It Will Always Be Yes

Our lives are shaped by those who love us and by those who refuse to love us” – John Powell

In discussing painful reunions with a friend of mine, she sent me this. She is an adoptee in a difficult reunion and I, of course, am a mother. Our reunions are at times mirror reflections of the other.

A recent bump in her reunion caused her to search for words to share with her mother.  She came upon these and in reading them, I was equally touched. 

I found the last paragraph particularly impactful for I can count the number of times my daughter has suggested I cannot, or should not, love her. 

As her mother, that is not an option for me and never was.   Whether she wants me to or not, I will always love her and will always be here.

"People act, and especially relate to other people, in accordance with the way they think of and feel about themselves.

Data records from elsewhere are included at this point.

section \<open>Riemann--Stieltjes sums and integrals\<close>

lemma RS_sum_diff_le:
  assumes "tagged_interval_partition a b xs ts" "0 \<le> \<eta>"
    "\<forall>i<length ts. \<bar>f (ts ! i) - h (ts ! i)\<bar> \<le> \<eta>" "variation_sum g xs \<le> B"
  shows "\<bar>RS_sum f g xs ts - RS_sum h g xs ts\<bar> \<le> \<eta> * B"
proof -
  have len: "length ts = length xs - 1"
    using assms(1) unfolding tagged_interval_partition_def by auto
  have "\<bar>RS_sum f g xs ts - RS_sum h g xs ts\<bar>
      = \<bar>\<Sum>i<length xs - 1. (f (ts ! i) - h (ts ! i)) * (g (xs ! Suc i) - g (xs ! i))\<bar>"
    unfolding RS_sum_def left_diff_distrib sum_subtractf by simp
  also have "\<dots> \<le> (\<Sum>i<length xs - 1. \<bar>(f (ts ! i) - h (ts ! i)) * (g (xs ! Suc i) - g (xs ! i))\<bar>)"
    by (rule sum_abs)
  also have "\<dots> \<le> (\<Sum>i<length xs - 1. \<eta> * \<bar>g (xs ! Suc i) - g (xs ! i)\<bar>)"
    using assms(3) len by (intro sum_mono) (simp add: abs_mult mult_right_mono)
  also have "\<dots> = \<eta> * variation_sum g xs"
    unfolding variation_sum_def by (simp add: sum_distrib_left)
  also have "\<dots> \<le> \<eta> * B" using assms(2,4) by (simp add: mult_left_mono)
  finally show ?thesis .
qed

lemma RS_sum_const:
  assumes "interval_partition a b xs"
  shows "RS_sum (\<lambda>_. c) g xs ts = c * (g b - g a)"
  unfolding RS_sum_def sum_distrib_left[symmetric] interval_partition_telescope[OF assms] ..

lemma has_RS_integral_unique:
  assumes "a \<le> b" "has_RS_integral f g a b I" "has_RS_integral f g a b J"
  shows "I = J"
proof (rule ccontr)
  assume "I \<noteq> J"
  define e where "e = \<bar>I - J\<bar> / 2"
  have e: "e > 0" using \<open>I \<noteq> J\<close> by (simp add: e_def)
  obtain d1 where d1: "d1 > 0" "\<And>xs ts. tagged_interval_partition a b xs ts \<and> mesh_less xs d1 \<Longrightarrow>
         \<bar>RS_sum f g xs ts - I\<bar> < e"
    using assms(2) e unfolding has_RS_integral_def by meson
  obtain d2 where d2: "d2 > 0" "\<And>xs ts. tagged_interval_partition a b xs ts \<and> mesh_less xs d2 \<Longrightarrow>
         \<bar>RS_sum f g xs ts - J\<bar> < e"
    using assms(3) e unfolding has_RS_integral_def by meson
  obtain xs where xs: "interval_partition a b xs" "mesh_less xs (min d1 d2)"
    using ex_fine_interval_partition[OF assms(1)] d1(1) d2(1) by (metis min_less_iff_conj)
  then have "\<bar>RS_sum f g xs (butlast xs) - I\<bar> < e" "\<bar>RS_sum f g xs (butlast xs) - J\<bar> < e"
    using d1(2) d2(2) tagged_interval_partition_left_tags mesh_less_mono by auto
  then show False unfolding e_def by (simp add: abs_if split: if_splits)
qed

lemma RS_integral_eqI:
  "a \<le> b \<Longrightarrow> has_RS_integral f g a b I \<Longrightarrow> RS_integral f g a b = I"
  unfolding RS_integral_def by (blast intro: the_equality has_RS_integral_unique)

lemma has_RS_integral_near_const:
  assumes "a \<le> b" "has_RS_integral f g a b I" "0 \<le> \<eta>"
    "\<forall>x\<in>{a..b}. \<bar>f x - c\<bar> \<le> \<eta>"
    "\<forall>xs. interval_partition a b xs \<longrightarrow> variation_sum g xs \<le> B"
  shows "\<bar>I - c * (g b - g a)\<bar> \<le> \<eta> * B"
proof (rule field_le_epsilon)
  fix e :: real assume e: "e > 0"
  obtain d where d: "d > 0" "\<And>xs ts. tagged_interval_partition a b xs ts \<and> mesh_less xs d \<Longrightarrow>
         \<bar>RS_sum f g xs ts - I\<bar> < e"
    using assms(2) e unfolding has_RS_integral_def by meson
  obtain xs where xs: "interval_partition a b xs" "mesh_less xs d"
    using ex_fine_interval_partition[OF assms(1) d(1)] .
  note t = tagged_interval_partition_left_tags[OF xs(1)]
  have "\<bar>RS_sum f g xs (butlast xs) - I\<bar> < e" using d(2) t xs(2) by blast
  moreover have "\<bar>RS_sum f g xs (butlast xs) - RS_sum (\<lambda>_. c) g xs (butlast xs)\<bar> \<le> \<eta> * B"
    using RS_sum_diff_le[OF t assms(3)] tagged_interval_partition_tag_bounds[OF t] assms(4,5) xs(1)
    by auto
  ultimately show "\<bar>I - c * (g b - g a)\<bar> \<le> \<eta> * B + e"
    using RS_sum_const[OF xs(1), of c g] by (simp only: abs_le_iff abs_less_iff) linarith
qed

lemma nth_butlast_append_partition:
  assumes "interval_partition a u xs1" "interval_partition u v xs2"
  shows "i \<le> length xs1 - 1 \<Longrightarrow> (butlast xs1 @ xs2) ! i = xs1 ! i"
    and "(butlast xs1 @ xs2) ! (length xs1 - 1 + j) = xs2 ! j"
  using interval_partition_endpoints[OF assms(1)] interval_partition_endpoints[OF assms(2)]
  by (auto simp: nth_append nth_butlast le_less)

lemma sum_lessThan_add_split:
  fixes F :: "nat \<Rightarrow> 'a::comm_monoid_add"
  assumes "\<And>i. i < m \<Longrightarrow> F i = G i" "\<And>j. j < n \<Longrightarrow> F (m + j) = H j"
  shows "(\<Sum>i<m + n. F i) = (\<Sum>i<m. G i) + (\<Sum>j<n. H j)"
proof -
  have "(\<Sum>i<m + n. F i) = (\<Sum>i<m. F i) + (\<Sum>j<n. F (m + j))"
    by (induction n) (simp_all add: add.assoc)
  then show ?thesis using assms by simp
qed

lemma less_add_cases_nat:
  fixes i m n :: nat
  assumes "i < m + n"
  obtains "i < m" | j where "i = m + j" "j < n"
  using assms by (metis add_diff_inverse_nat nat_add_left_cancel_less)

lemma tagged_interval_partition_append:
  assumes t1: "tagged_interval_partition a u xs1 ts1" and t2: "tagged_interval_partition u v xs2 ts2"
  shows "tagged_interval_partition a v (butlast xs1 @ xs2) (ts1 @ ts2)"
proof -
  have ip1: "interval_partition a u xs1" and len1: "length ts1 = length xs1 - 1"
    and tg1: "\<And>i. i < length ts1 \<Longrightarrow> xs1 ! i \<le> ts1 ! i \<and> ts1 ! i \<le> xs1 ! Suc i"
    using t1 unfolding tagged_interval_partition_def by auto
  have ip2: "interval_partition u v xs2" and len2: "length ts2 = length xs2 - 1"
    and tg2: "\<And>i. i < length ts2 \<Longrightarrow> xs2 ! i \<le> ts2 ! i \<and> ts2 ! i \<le> xs2 ! Suc i"
    using t2 unfolding tagged_interval_partition_def by auto
  note A = nth_butlast_append_partition[OF ip1 ip2]
  note e1 = interval_partition_endpoints[OF ip1] and e2 = interval_partition_endpoints[OF ip2]
  have "sorted (butlast xs1 @ xs2)"
    unfolding sorted_append
    using ip1 ip2 interval_partition_set_bounds[OF ip1] interval_partition_set_bounds[OF ip2]
    unfolding interval_partition_def by (force dest: in_set_butlastD intro: sorted_butlast)
  moreover have "(butlast xs1 @ xs2) ! 0 = a" using A(1)[of 0] e1 by simp
  ultimately have ip: "interval_partition a v (butlast xs1 @ xs2)"
    using ip2 unfolding interval_partition_def by (simp add: hd_conv_nth)
  have "(butlast xs1 @ xs2) ! i \<le> (ts1 @ ts2) ! i \<and> (ts1 @ ts2) ! i \<le> (butlast xs1 @ xs2) ! Suc i"
    if "i < length ts1 + length ts2" for i
    using that
  proof (cases rule: less_add_cases_nat)
    case 1
    then show ?thesis using A(1)[of i] A(1)[of "Suc i"] tg1[of i] len1 by (simp add: nth_append)
  next
    case (2 j)
    then show ?thesis using A(2)[of j] A(2)[of "Suc j"] tg2[of j] len1 by (simp add: nth_append)
  qed
  then show ?thesis
    using ip len1 len2 e1 e2 unfolding tagged_interval_partition_def by simp
qed

lemma mesh_less_append:
  assumes ip1: "interval_partition a u xs1" and ip2: "interval_partition u v xs2"
    and "mesh_less xs1 \<delta>" "mesh_less xs2 \<delta>"
  shows "mesh_less (butlast xs1 @ xs2) \<delta>"
proof -
  note A = nth_butlast_append_partition[OF ip1 ip2]
  note e1 = interval_partition_endpoints[OF ip1] and e2 = interval_partition_endpoints[OF ip2]
  have "(butlast xs1 @ xs2) ! Suc i - (butlast xs1 @ xs2) ! i < \<delta>"
    if "i < (length xs1 - 1) + (length xs2 - 1)" for i
    using that
  proof (cases rule: less_add_cases_nat)
    case 1
    then show ?thesis using A(1)[of i] A(1)[of "Suc i"] assms(3) unfolding mesh_less_def by simp
  next
    case (2 j)
    then show ?thesis using A(2)[of j] A(2)[of "Suc j"] assms(4) unfolding mesh_less_def by simp
  qed
  then show ?thesis using e1 e2 unfolding mesh_less_def by (simp add: nth_append)
qed

lemma RS_sum_append:
  assumes t1: "tagged_interval_partition a u xs1 ts1" and t2: "tagged_interval_partition u v xs2 ts2"
  shows "RS_sum f g (butlast xs1 @ xs2) (ts1 @ ts2) = RS_sum f g xs1 ts1 + RS_sum f g xs2 ts2"
proof -
  have ip1: "interval_partition a u xs1" and len1: "length ts1 = length xs1 - 1"
    using t1 unfolding tagged_interval_partition_def by auto
  have ip2: "interval_partition u v xs2"
    using t2 unfolding tagged_interval_partition_def by auto
  note A = nth_butlast_append_partition[OF ip1 ip2]
  note e1 = interval_partition_endpoints[OF ip1] and e2 = interval_partition_endpoints[OF ip2]
  have len: "length (butlast xs1 @ xs2) - 1 = (length xs1 - 1) + (length xs2 - 1)"
    using e1 e2 by simp
  show ?thesis
    unfolding RS_sum_def len
  proof (rule sum_lessThan_add_split)
    fix i assume "i < length xs1 - 1"
    then show "f ((ts1 @ ts2) ! i) * (g ((butlast xs1 @ xs2) ! Suc i) - g ((butlast xs1 @ xs2) ! i))
        = f (ts1 ! i) * (g (xs1 ! Suc i) - g (xs1 ! i))"
      using A(1)[of i] A(1)[of "Suc i"] len1 by (simp add: nth_append)
  next
    fix j
    show "f ((ts1 @ ts2) ! (length xs1 - 1 + j)) * (g ((butlast xs1 @ xs2) ! Suc (length xs1 - 1 + j))
          - g ((butlast xs1 @ xs2) ! (length xs1 - 1 + j)))
        = f (ts2 ! j) * (g (xs2 ! Suc j) - g (xs2 ! j))"
      using A(2)[of j] A(2)[of "Suc j"] len1 by (simp add: nth_append)
  qed
qed

lemma has_RS_integral_additive:
  assumes "a \<le> u" "u \<le> v"
    and I1: "has_RS_integral f g a u I1" and I2: "has_RS_integral f g u v I2"
    and I: "has_RS_integral f g a v I"
  shows "I = I1 + I2"
proof (rule ccontr)
  assume "I \<noteq> I1 + I2"
  define e where "e = \<bar>I - (I1 + I2)\<bar> / 3"
  have e: "e > 0" using \<open>I \<noteq> I1 + I2\<close> by (simp add: e_def)
  obtain d1 where d1: "d1 > 0" "\<And>xs ts. tagged_interval_partition a u xs ts \<and> mesh_less xs d1 \<Longrightarrow>
         \<bar>RS_sum f g xs ts - I1\<bar> < e"
    using I1 e unfolding has_RS_integral_def by meson
  obtain d2 where d2: "d2 > 0" "\<And>xs ts. tagged_interval_partition u v xs ts \<and> mesh_less xs d2 \<Longrightarrow>
         \<bar>RS_sum f g xs ts - I2\<bar> < e"
    using I2 e unfolding has_RS_integral_def by meson
  obtain d3 where d3: "d3 > 0" "\<And>xs ts. tagged_interval_partition a v xs ts \<and> mesh_less xs d3 \<Longrightarrow>
         \<bar>RS_sum f g xs ts - I\<bar> < e"
    using I e unfolding has_RS_integral_def by meson
  define d where "d = min d1 (min d2 d3)"
  have d: "d > 0" using d1 d2 d3 by (simp add: d_def)
  obtain xs1 where xs1: "interval_partition a u xs1" "mesh_less xs1 d"
    using ex_fine_interval_partition[OF assms(1) d] .
  obtain xs2 where xs2: "interval_partition u v xs2" "mesh_less xs2 d"
    using ex_fine_interval_partition[OF assms(2) d] .
  note t1 = tagged_interval_partition_left_tags[OF xs1(1)]
  note t2 = tagged_interval_partition_left_tags[OF xs2(1)]
  have "\<bar>RS_sum f g xs1 (butlast xs1) - I1\<bar> < e" "\<bar>RS_sum f g xs2 (butlast xs2) - I2\<bar> < e"
    using d1(2) d2(2) t1 t2 mesh_less_mono[OF xs1(2)] mesh_less_mono[OF xs2(2)] d_def by auto
  moreover have "\<bar>RS_sum f g (butlast xs1 @ xs2) (butlast xs1 @ butlast xs2) - I\<bar> < e"
    using d3(2) tagged_interval_partition_append[OF t1 t2]
      mesh_less_mono[OF mesh_less_append[OF xs1(1) xs2(1) xs1(2) xs2(2)]] d_def by auto
  ultimately have "\<bar>I - (I1 + I2)\<bar> < 3 * e"
    using RS_sum_append[OF t1 t2, of f g] by (simp only: abs_less_iff) linarith
  then show False unfolding e_def by simp
qed

section \<open>Existence and continuity of Riemann--Stieltjes integrals\<close>

definition heaviside :: "real \<Rightarrow> real \<Rightarrow> real" where
  "heaviside y u = (if y \<le> u then 1 else 0)"

lemma RS_sum_heaviside:
  assumes t: "tagged_interval_partition a b xs ts" and m: "mesh_less xs \<delta>" and "\<delta> > 0"
    and y: "a \<le> y" "y \<le> b"
  obtains p where "p < length xs" "\<bar>xs ! p - y\<bar> < \<delta>" "RS_sum (heaviside y) g xs ts = g b - g (xs ! p)"
proof -
  have ip: "interval_partition a b xs" and len: "length ts = length xs - 1"
    and tg: "\<And>i. i < length ts \<Longrightarrow> xs ! i \<le> ts ! i \<and> ts ! i \<le> xs ! Suc i"
    using t unfolding tagged_interval_partition_def by auto
  define n where "n = length ts"
  note ends = interval_partition_endpoints[OF ip, folded len, folded n_def]
  have ms: "\<And>i. i < n \<Longrightarrow> xs ! Suc i - xs ! i < \<delta>" using m len unfolding mesh_less_def n_def by auto
  define p where "p = (LEAST i. i = n \<or> y \<le> ts ! i)"
  have pn: "p \<le> n" unfolding p_def by (rule Least_le) simp
  have below: "ts ! i < y" if "i < p" for i
    using not_less_Least[OF that[unfolded p_def]] by auto
  have above: "y \<le> ts ! i" if "p \<le> i" "i < n" for i
  proof -
    have "p = n \<or> y \<le> ts ! p" unfolding p_def by (rule LeastI[of _ n]) simp
    then have "y \<le> ts ! p" using that by auto
    also have "\<dots> \<le> ts ! i" using tagged_interval_partition_tag_mono[OF t that(1)] that(2) n_def by auto
    finally show ?thesis .
  qed
  have "RS_sum (heaviside y) g xs ts = (\<Sum>i<n. if y \<le> ts ! i then g (xs ! Suc i) - g (xs ! i) else 0)"
    unfolding RS_sum_def heaviside_def n_def len by (intro sum.cong) auto
  also have "\<dots> = (\<Sum>i<p. if y \<le> ts ! i then g (xs ! Suc i) - g (xs ! i) else 0)
        + (\<Sum>i=p..<n. if y \<le> ts ! i then g (xs ! Suc i) - g (xs ! i) else 0)"
    using pn unfolding lessThan_atLeast0 by (simp add: sum.atLeastLessThan_concat)
  also have "(\<Sum>i<p. if y \<le> ts ! i then g (xs ! Suc i) - g (xs ! i) else 0) = 0"
    by (intro sum.neutral) (auto dest!: below)
  also have "(\<Sum>i=p..<n. if y \<le> ts ! i then g (xs ! Suc i) - g (xs ! i) else 0)
       = (\<Sum>i=p..<n. g (xs ! Suc i) - g (xs ! i))"
    using above by (intro sum.cong) auto
  also have "\<dots> = g b - g (xs ! p)" using sum_Suc_diff'[OF pn, of "\<lambda>i. g (xs ! i)"] ends by simp
  finally have sum: "RS_sum (heaviside y) g xs ts = g b - g (xs ! p)" by simp
  have "xs ! p < y + \<delta>"
  proof (cases "p = 0")
    case True then show ?thesis using ends y \<open>\<delta> > 0\<close> by simp
  next
    case False
    then have "ts ! (p - 1) < y" "xs ! (p - 1) \<le> ts ! (p - 1)" "xs ! Suc (p - 1) - xs ! (p - 1) < \<delta>"
      using below tg[of "p - 1"] ms[of "p - 1"] pn n_def by auto
    then show ?thesis using False by simp
  qed
  moreover have "y - \<delta> < xs ! p"
  proof (cases "p = n")
    case True then show ?thesis using ends y \<open>\<delta> > 0\<close> by simp
  next
    case False
    then have "y \<le> ts ! p" "ts ! p \<le> xs ! Suc p" "xs ! Suc p - xs ! p < \<delta>"
      using above[of p] tg[of p] ms[of p] pn n_def by auto
    then show ?thesis by simp
  qed
  ultimately show ?thesis using that[of p] pn sum ends by (simp add: abs_less_iff)
qed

I can easily trace your obnoxious behavior to the invisible roots of an unsuccessful struggle for self-esteem, until you hurt me. Then my own psychological scars begin to ache, and I stop thinking about you and your needs. I stop trying to understand you and I am tempted to hurt you. I must tell you this. It is very important that you know it. I want to offer you unconditional love. I really know you need it and I want to fulfill your needs so that you may be fully alive. But I am not able to do this. I am not able to give you the unconditional love you need. My own needs are too real, too limiting, too crippling. I can only say that I will do what I can. I can only ask you to be patient with me.

I want you to know that I do know what you need, even when I cannot give it to you. My own limitations and weakness will impede my performance, but I know that my greatest contribution to your life will be to help you love yourself, to think better and more gently on yourself, to accept your own limitations and more peacefully in the perspective of your whole person, which is uniquely valuable. To give you all that you need would require a wholeness in me that I do not have. I cannot always come through for you as you need me to. I am living at the outer rim of my own ideals, hanging on only with great effort. But I can promise you this much. I will try. I will try to always reflect to you your unique and unrepeatable value and worth. I will try to be a mirror to your beauty and goodness. I will try to read your heart, not your lips. I will always try to understand rather than judge you. I will never demand that you meet my expectations as the price of admission to my heart.

So do not ask me why I love you. Such a question could invite only the response of conditional love. I do not love you because you look a certain way or do certain things or practice certain virtues. Only ask me this: “Do you love me?” That I can answer: “Yes”. " – John Powell

10 Thoughts.

  1. So apropos. There truly are unconditional times. And times when my conditioning raises issues. We keep changing.

  2. Very powerful. My son’s pushing at me and testing my devotion is so tiring. I wish I could write words like these and he would get it. But he never will. Our relationship will always require “managing” — of his behavior, of my reactions. The only thing I can promise is to always love him. Trying to mirror his goodness, reflect his worth and value, understand and not judge. Right now, that feels too hard.

  3. These are words no child should ever have to express to a mother, I can see it in the reverse, but a child, even though an adult, should not have to feel this way. Oh, that we all be willing to learn from each lesson life brings us.
    Denise

  4. “These are words no child should ever have to express to a mother, I can see it in the reverse, but a child, even though an adult, should not have to feel this way.”
    I agree with you Denise. It was me who shared this with Suz. I first wrote a very angry statement to my mother, telling her to get out of my life if she wasn’t going to act like a mother… but knowing that would not help anything, I found this and send it instead. I do mean it and feel it… I just wish she was capable of acting like a mother… or even just an adult, more often than she does *sigh*.

  5. This reminds me of the day not so long ago when my nmom asked me “Why do you love me?” Uh….How do you answer such a question? I couldn’t answer the question. I just said, “Because I do.” I am not sure what she was looking for. Maybe I should have said, “Because you ARE my mother.”
    I have asked her a million questions in our years together, but never this one.

  6. I meant to comment on this, but didn’t. It minds me too much of things here where I am. I miss you chica!

  7. These words rang very true for me. Mother to child.
    When you discover your child has not been raised in a way that encouraged him to love himself, you hope that you can help that to happen. When things get a little rocky and you are under fire you have to keep reminding yourself of what you know in your heart. Sometimes that is very hard.
    Somebody warned me about this long ago and it has proven to be very true.
    Kris

  8. “So do not ask me why I love you. Such a question could invite only the response of conditional love. I do not love you because you look a certain way or do certain things or practice certain virtues. Only ask me this: “Do you love me?” That I can answer: “Yes”. ” – John Powell”
    I have been back numerous times to read and re-read this post. You’ve probably seen my traffic, *grin* I am so moved by the passage, especially this part.